═════ Input for this task ═════

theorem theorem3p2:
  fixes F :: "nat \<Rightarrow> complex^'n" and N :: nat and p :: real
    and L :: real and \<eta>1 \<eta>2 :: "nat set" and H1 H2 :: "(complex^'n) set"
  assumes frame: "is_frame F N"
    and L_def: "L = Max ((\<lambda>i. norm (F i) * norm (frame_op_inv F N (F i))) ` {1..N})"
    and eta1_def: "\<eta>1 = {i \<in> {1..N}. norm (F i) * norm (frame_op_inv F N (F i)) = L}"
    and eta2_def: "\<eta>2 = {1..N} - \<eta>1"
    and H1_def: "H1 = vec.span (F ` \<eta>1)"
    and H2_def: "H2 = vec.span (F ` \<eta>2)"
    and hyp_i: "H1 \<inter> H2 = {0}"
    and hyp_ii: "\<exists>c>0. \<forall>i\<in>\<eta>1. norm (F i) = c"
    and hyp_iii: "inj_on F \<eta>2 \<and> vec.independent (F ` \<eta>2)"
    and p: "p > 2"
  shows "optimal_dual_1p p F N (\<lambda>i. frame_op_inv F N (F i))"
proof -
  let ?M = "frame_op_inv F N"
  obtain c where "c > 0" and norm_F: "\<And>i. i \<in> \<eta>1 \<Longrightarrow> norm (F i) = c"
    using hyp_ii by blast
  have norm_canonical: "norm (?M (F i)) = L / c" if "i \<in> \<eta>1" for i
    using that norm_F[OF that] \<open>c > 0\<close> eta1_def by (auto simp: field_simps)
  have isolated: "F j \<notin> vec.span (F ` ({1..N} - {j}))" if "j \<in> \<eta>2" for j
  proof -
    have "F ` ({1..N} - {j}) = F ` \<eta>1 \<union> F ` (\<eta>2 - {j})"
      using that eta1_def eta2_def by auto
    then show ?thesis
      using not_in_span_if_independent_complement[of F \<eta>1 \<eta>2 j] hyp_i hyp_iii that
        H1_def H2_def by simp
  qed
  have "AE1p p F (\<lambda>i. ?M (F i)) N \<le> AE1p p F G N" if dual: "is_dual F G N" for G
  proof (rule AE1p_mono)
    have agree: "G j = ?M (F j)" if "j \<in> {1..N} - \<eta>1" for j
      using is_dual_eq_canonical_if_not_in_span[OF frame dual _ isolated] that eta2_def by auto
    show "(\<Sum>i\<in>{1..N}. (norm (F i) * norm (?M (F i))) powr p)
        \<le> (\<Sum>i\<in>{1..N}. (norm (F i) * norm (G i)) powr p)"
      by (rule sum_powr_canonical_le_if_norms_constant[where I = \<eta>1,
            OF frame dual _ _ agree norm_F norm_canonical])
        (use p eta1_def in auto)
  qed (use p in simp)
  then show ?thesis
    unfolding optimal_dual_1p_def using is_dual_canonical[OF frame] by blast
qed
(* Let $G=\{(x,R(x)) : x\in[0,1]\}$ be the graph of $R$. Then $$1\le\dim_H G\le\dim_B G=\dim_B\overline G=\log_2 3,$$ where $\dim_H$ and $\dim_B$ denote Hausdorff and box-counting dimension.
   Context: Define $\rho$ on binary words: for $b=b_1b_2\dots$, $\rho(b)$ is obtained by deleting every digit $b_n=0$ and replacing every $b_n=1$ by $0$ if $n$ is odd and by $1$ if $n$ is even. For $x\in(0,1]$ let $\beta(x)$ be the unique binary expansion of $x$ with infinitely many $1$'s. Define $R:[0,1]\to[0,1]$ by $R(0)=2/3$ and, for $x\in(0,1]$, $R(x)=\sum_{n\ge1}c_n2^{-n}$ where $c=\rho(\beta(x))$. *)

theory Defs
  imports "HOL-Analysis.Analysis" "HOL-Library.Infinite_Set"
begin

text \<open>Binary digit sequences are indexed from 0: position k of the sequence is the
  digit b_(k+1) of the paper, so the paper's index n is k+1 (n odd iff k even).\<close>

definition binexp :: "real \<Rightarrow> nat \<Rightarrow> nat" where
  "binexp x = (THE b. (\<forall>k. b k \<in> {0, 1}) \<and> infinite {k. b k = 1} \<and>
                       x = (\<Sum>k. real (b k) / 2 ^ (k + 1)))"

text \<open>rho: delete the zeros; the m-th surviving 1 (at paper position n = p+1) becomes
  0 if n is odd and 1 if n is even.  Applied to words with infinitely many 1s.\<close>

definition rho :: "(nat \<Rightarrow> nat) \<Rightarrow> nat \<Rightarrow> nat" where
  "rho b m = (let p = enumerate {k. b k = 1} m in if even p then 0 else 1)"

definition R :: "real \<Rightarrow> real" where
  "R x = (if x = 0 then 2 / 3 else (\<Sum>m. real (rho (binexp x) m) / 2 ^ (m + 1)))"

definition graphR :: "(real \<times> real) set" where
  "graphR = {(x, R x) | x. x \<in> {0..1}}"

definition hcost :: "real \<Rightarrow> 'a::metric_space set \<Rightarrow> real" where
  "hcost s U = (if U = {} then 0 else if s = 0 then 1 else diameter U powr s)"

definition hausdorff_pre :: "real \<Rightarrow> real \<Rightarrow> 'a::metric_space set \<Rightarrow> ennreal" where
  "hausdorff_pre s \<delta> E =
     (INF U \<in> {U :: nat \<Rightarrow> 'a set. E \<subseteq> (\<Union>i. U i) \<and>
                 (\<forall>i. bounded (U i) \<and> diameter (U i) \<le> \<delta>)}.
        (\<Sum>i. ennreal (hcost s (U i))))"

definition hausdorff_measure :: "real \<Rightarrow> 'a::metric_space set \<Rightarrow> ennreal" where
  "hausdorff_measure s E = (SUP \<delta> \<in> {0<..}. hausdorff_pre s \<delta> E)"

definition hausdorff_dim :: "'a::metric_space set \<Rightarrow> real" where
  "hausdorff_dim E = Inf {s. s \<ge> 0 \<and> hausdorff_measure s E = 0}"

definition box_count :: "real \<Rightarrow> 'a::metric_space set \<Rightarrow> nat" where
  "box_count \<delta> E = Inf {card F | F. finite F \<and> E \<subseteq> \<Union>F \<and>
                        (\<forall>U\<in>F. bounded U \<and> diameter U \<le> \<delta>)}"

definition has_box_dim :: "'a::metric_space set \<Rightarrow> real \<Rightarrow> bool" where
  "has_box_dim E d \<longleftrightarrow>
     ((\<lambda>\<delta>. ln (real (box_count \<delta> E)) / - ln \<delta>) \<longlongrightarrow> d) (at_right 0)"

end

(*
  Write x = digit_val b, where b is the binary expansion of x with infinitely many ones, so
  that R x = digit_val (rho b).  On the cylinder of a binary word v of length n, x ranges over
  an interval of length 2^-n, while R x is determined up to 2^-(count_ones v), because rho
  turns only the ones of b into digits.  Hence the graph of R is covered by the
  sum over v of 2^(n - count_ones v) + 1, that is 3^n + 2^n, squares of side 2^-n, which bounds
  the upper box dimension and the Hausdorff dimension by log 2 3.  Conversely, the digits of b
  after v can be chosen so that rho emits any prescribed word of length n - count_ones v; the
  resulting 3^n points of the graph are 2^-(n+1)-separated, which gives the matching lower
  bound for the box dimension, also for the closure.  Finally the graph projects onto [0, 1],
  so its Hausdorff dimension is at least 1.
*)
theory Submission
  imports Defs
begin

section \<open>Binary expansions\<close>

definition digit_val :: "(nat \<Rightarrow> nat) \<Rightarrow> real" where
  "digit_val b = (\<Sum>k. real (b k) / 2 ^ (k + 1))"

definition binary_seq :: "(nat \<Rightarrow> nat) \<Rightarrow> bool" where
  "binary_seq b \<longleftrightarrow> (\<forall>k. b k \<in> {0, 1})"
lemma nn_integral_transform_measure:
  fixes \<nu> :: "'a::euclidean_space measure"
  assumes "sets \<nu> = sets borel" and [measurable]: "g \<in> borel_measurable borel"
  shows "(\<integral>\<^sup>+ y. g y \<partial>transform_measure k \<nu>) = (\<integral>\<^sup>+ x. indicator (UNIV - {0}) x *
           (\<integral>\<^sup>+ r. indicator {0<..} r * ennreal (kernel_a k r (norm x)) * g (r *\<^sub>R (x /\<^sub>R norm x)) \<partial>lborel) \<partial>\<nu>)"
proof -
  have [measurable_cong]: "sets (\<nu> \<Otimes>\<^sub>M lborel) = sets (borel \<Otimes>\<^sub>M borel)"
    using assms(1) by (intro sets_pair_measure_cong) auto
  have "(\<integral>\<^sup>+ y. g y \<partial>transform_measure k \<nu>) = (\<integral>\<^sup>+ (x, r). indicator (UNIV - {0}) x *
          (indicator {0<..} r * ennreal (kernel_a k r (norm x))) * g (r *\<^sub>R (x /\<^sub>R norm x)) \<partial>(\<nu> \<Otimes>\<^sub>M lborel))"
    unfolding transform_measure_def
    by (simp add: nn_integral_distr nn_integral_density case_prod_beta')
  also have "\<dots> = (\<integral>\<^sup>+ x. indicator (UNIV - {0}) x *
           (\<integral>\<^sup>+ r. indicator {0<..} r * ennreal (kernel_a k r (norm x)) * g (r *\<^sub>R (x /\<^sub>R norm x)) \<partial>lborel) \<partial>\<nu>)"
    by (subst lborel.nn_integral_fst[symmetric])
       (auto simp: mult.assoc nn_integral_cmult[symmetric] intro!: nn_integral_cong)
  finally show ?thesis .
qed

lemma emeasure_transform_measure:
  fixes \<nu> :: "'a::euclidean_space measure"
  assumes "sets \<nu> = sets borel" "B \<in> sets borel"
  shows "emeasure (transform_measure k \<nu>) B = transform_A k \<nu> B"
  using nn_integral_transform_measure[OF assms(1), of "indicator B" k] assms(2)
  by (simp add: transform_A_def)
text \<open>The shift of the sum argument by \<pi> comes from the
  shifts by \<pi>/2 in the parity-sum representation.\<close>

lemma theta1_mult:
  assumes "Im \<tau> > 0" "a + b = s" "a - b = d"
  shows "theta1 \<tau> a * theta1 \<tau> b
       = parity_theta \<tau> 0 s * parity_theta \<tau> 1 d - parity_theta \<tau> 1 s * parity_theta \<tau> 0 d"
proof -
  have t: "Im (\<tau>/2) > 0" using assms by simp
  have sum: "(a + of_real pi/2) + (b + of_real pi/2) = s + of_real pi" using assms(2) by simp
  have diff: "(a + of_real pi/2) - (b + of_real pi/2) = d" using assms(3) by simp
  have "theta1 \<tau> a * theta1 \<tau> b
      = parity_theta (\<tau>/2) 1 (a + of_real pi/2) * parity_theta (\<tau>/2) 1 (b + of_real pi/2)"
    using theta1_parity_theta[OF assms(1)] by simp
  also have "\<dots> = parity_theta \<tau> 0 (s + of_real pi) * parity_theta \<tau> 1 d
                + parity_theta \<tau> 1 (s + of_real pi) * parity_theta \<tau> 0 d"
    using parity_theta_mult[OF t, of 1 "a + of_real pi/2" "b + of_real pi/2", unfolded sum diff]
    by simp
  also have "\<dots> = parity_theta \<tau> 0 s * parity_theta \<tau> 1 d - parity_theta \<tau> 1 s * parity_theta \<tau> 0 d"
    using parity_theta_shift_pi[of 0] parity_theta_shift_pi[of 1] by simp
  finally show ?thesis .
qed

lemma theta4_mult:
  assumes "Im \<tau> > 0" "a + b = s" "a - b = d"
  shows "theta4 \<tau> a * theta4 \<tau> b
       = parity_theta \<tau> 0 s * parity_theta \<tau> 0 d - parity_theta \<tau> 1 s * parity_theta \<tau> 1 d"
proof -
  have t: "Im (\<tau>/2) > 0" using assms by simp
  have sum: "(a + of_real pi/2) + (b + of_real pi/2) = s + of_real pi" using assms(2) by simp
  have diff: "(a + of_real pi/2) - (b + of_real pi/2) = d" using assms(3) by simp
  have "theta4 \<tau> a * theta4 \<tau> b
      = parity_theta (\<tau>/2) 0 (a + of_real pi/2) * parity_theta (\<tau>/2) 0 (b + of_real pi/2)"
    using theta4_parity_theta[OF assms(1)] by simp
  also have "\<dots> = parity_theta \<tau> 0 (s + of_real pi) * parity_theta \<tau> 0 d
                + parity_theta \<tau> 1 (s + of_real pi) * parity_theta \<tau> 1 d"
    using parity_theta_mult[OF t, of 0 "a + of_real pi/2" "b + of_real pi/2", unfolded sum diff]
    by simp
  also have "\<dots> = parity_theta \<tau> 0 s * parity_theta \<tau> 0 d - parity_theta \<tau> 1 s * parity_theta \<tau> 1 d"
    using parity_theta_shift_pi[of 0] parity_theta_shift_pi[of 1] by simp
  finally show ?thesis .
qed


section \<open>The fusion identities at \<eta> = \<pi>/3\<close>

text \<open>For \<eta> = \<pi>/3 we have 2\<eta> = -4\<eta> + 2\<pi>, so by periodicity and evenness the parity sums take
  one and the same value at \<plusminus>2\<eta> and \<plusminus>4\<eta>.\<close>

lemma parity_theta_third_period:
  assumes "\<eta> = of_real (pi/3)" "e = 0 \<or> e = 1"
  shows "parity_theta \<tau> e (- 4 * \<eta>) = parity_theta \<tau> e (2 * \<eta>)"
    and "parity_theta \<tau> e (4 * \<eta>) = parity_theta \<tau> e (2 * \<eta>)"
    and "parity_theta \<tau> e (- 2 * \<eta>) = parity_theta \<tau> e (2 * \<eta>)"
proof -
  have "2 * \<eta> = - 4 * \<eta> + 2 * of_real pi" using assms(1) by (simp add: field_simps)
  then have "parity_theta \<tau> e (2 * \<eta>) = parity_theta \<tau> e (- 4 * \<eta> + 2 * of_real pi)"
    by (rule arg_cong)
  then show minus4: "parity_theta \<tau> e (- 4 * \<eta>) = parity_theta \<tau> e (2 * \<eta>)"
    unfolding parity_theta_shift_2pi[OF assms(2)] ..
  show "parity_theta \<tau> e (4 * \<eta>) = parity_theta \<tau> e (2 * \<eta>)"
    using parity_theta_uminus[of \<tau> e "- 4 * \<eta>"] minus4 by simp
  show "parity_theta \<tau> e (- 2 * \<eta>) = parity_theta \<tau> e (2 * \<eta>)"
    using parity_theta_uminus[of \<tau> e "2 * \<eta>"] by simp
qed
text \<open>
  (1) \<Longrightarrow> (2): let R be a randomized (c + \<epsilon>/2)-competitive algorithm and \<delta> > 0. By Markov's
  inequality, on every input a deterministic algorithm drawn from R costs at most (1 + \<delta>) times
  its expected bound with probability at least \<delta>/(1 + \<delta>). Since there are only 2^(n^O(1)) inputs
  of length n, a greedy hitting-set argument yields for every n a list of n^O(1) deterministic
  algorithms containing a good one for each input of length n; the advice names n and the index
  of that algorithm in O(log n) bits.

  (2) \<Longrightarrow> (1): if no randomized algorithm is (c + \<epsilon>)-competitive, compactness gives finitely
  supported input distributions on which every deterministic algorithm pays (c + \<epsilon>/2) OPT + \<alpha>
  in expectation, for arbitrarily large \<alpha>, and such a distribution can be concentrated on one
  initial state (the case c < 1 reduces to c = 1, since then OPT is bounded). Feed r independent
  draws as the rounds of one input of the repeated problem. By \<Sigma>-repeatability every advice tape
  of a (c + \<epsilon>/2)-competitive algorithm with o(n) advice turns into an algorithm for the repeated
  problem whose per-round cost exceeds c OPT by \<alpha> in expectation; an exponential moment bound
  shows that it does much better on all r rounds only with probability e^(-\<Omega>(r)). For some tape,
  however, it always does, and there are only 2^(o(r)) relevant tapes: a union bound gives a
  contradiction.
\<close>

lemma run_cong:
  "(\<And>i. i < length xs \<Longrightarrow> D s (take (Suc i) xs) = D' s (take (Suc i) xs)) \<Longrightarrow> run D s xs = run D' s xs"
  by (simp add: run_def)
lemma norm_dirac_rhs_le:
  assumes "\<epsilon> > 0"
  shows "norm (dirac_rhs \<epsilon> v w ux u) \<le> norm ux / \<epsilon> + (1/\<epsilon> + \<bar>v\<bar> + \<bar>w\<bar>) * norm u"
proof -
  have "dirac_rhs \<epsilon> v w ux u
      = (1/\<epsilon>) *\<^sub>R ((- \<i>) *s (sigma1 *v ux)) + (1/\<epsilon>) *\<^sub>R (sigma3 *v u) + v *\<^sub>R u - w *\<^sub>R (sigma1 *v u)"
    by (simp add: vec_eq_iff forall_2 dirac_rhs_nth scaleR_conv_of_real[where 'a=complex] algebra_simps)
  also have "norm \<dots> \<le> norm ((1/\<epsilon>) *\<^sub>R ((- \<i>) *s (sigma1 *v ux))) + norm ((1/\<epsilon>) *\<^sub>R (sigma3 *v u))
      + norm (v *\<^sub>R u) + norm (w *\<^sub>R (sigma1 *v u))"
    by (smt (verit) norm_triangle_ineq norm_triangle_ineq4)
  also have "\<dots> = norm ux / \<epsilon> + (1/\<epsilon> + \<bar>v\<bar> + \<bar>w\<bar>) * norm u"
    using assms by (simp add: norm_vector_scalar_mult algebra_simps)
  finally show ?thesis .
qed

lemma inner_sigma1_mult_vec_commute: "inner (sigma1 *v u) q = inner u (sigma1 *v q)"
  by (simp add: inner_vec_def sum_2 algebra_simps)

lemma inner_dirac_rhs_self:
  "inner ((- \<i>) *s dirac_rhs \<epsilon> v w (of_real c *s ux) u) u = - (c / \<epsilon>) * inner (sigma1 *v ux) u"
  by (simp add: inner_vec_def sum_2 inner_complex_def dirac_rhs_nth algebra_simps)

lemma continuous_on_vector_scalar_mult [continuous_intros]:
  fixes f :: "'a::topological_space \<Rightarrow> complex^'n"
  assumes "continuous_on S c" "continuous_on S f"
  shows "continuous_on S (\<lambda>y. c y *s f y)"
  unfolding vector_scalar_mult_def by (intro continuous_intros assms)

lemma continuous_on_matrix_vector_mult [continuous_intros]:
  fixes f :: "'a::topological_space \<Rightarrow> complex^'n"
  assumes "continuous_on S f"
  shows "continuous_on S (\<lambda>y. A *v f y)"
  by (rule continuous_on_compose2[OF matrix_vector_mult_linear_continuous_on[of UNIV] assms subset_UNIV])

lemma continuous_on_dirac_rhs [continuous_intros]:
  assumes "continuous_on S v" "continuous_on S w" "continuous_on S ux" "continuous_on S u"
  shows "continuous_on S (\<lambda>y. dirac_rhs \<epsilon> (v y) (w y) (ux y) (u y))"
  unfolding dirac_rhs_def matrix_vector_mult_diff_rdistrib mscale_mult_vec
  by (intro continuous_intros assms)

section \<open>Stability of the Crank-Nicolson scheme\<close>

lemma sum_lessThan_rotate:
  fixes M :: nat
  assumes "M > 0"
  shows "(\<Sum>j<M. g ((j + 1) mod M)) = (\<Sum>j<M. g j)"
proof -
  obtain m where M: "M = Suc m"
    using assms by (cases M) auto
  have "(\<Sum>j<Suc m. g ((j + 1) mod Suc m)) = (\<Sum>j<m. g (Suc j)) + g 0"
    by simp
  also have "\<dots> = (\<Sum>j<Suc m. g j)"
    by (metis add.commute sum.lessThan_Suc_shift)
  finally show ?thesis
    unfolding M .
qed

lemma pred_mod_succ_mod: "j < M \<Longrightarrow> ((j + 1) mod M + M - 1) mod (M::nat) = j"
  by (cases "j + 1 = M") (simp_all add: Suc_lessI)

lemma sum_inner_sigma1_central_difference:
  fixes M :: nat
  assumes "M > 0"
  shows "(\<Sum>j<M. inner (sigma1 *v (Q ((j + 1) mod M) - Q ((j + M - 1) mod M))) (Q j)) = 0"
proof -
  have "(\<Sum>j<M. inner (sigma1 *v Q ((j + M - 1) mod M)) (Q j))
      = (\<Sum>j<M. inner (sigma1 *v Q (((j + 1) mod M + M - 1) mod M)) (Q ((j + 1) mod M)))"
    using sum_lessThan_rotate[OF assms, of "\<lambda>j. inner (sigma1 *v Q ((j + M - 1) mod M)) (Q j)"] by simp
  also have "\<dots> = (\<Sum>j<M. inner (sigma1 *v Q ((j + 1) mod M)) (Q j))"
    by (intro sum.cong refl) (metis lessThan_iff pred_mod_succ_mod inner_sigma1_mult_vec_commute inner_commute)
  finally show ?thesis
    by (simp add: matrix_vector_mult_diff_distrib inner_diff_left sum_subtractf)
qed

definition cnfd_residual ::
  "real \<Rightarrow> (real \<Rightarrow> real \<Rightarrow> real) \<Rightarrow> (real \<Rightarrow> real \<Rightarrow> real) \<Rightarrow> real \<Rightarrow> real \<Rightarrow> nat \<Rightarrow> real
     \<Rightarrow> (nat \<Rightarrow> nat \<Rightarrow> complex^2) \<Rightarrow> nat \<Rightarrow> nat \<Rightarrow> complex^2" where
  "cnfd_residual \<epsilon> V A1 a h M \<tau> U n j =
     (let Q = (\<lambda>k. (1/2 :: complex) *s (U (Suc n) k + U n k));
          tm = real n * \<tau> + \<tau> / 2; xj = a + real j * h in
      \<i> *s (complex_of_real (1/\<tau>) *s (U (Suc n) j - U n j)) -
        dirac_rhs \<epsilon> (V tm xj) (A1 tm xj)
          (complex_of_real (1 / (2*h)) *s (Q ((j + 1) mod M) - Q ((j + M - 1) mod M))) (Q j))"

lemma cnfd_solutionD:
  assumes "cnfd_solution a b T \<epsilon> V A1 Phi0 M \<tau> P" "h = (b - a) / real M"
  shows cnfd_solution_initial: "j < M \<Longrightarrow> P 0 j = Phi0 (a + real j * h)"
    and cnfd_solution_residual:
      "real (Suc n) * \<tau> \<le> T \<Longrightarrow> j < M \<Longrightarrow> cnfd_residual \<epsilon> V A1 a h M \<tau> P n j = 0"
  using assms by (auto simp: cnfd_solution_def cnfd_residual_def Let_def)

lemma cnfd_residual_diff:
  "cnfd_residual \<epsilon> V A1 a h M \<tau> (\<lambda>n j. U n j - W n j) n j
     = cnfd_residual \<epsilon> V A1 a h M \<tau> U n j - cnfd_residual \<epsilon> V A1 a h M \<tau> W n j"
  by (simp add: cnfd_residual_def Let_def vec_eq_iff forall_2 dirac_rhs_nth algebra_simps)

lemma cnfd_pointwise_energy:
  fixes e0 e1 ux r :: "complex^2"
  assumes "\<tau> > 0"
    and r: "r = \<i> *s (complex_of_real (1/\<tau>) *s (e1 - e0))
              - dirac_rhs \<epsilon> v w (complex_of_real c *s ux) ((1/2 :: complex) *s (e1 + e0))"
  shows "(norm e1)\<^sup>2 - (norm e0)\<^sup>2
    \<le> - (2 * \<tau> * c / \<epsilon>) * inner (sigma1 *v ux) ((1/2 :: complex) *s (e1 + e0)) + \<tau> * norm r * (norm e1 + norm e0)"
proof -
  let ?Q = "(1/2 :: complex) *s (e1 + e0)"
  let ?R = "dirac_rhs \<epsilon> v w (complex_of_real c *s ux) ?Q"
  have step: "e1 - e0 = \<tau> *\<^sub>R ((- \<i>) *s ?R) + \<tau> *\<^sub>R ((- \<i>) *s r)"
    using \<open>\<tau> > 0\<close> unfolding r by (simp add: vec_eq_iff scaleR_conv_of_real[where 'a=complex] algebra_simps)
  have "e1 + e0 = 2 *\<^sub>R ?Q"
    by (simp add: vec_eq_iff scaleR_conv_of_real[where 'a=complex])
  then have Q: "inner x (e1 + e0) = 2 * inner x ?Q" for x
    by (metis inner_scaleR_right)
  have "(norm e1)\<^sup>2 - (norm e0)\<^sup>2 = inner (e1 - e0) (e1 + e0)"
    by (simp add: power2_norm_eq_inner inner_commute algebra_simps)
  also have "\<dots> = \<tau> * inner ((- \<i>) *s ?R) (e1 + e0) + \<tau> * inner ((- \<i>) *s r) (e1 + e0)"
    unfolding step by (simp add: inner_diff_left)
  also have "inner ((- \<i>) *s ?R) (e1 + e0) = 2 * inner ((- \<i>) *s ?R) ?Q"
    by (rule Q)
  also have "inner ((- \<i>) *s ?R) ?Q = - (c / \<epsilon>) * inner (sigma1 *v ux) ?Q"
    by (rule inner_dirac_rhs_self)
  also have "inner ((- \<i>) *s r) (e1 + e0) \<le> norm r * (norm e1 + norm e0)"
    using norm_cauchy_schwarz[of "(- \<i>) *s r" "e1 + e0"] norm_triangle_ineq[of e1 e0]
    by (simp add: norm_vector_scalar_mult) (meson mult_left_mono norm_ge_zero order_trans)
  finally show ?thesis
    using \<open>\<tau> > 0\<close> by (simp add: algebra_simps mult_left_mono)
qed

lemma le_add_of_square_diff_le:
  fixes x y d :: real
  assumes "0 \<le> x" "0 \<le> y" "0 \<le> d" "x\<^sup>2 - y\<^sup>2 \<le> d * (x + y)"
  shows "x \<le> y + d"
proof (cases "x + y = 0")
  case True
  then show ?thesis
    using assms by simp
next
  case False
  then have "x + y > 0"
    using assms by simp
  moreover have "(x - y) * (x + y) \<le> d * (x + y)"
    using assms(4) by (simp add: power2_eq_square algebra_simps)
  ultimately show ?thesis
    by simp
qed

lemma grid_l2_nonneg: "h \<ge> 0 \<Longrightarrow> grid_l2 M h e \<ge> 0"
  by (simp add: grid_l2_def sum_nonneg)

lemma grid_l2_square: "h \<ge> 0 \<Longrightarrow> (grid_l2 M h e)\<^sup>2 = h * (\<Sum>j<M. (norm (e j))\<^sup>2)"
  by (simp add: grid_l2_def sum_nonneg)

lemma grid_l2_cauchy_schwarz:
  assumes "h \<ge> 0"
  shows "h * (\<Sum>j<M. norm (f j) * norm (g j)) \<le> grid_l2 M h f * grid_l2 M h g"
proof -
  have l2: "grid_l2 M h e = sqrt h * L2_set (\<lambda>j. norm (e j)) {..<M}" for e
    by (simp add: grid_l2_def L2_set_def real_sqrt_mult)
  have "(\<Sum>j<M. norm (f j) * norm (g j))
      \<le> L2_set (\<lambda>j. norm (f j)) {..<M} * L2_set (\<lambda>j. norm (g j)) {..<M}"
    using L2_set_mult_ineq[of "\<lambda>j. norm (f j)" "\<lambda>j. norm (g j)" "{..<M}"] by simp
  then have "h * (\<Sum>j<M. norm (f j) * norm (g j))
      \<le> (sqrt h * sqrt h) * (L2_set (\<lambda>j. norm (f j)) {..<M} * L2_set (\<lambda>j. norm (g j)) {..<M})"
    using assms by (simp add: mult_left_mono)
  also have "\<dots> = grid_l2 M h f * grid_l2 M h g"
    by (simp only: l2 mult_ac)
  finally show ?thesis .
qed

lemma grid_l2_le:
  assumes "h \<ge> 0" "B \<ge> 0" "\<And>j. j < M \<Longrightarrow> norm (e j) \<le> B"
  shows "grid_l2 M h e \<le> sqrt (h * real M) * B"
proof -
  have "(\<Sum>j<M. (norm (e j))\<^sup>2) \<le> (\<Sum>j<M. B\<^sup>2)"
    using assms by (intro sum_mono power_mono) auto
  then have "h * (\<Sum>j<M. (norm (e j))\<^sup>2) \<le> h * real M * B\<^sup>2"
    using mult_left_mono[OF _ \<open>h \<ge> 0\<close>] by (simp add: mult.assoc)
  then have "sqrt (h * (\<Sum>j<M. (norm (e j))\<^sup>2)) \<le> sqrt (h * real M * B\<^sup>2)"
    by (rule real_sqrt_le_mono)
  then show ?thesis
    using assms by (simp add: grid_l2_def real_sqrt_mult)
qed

═════

Give back exactly the lines above starting at the line where "unfolding optimal_dual_1p_def using" appears and ending at the line where "and box-counting dimension." appears, both included, with no other lines.

Answer for the task =>
    unfolding optimal_dual_1p_def using is_dual_canonical[OF frame] by blast
qed
(* Let $G=\{(x,R(x)) : x\in[0,1]\}$ be the graph of $R$. Then $$1\le\dim_H G\le\dim_B G=\dim_B\overline G=\log_2 3,$$ where $\dim_H$ and $\dim_B$ denote Hausdorff and box-counting dimension.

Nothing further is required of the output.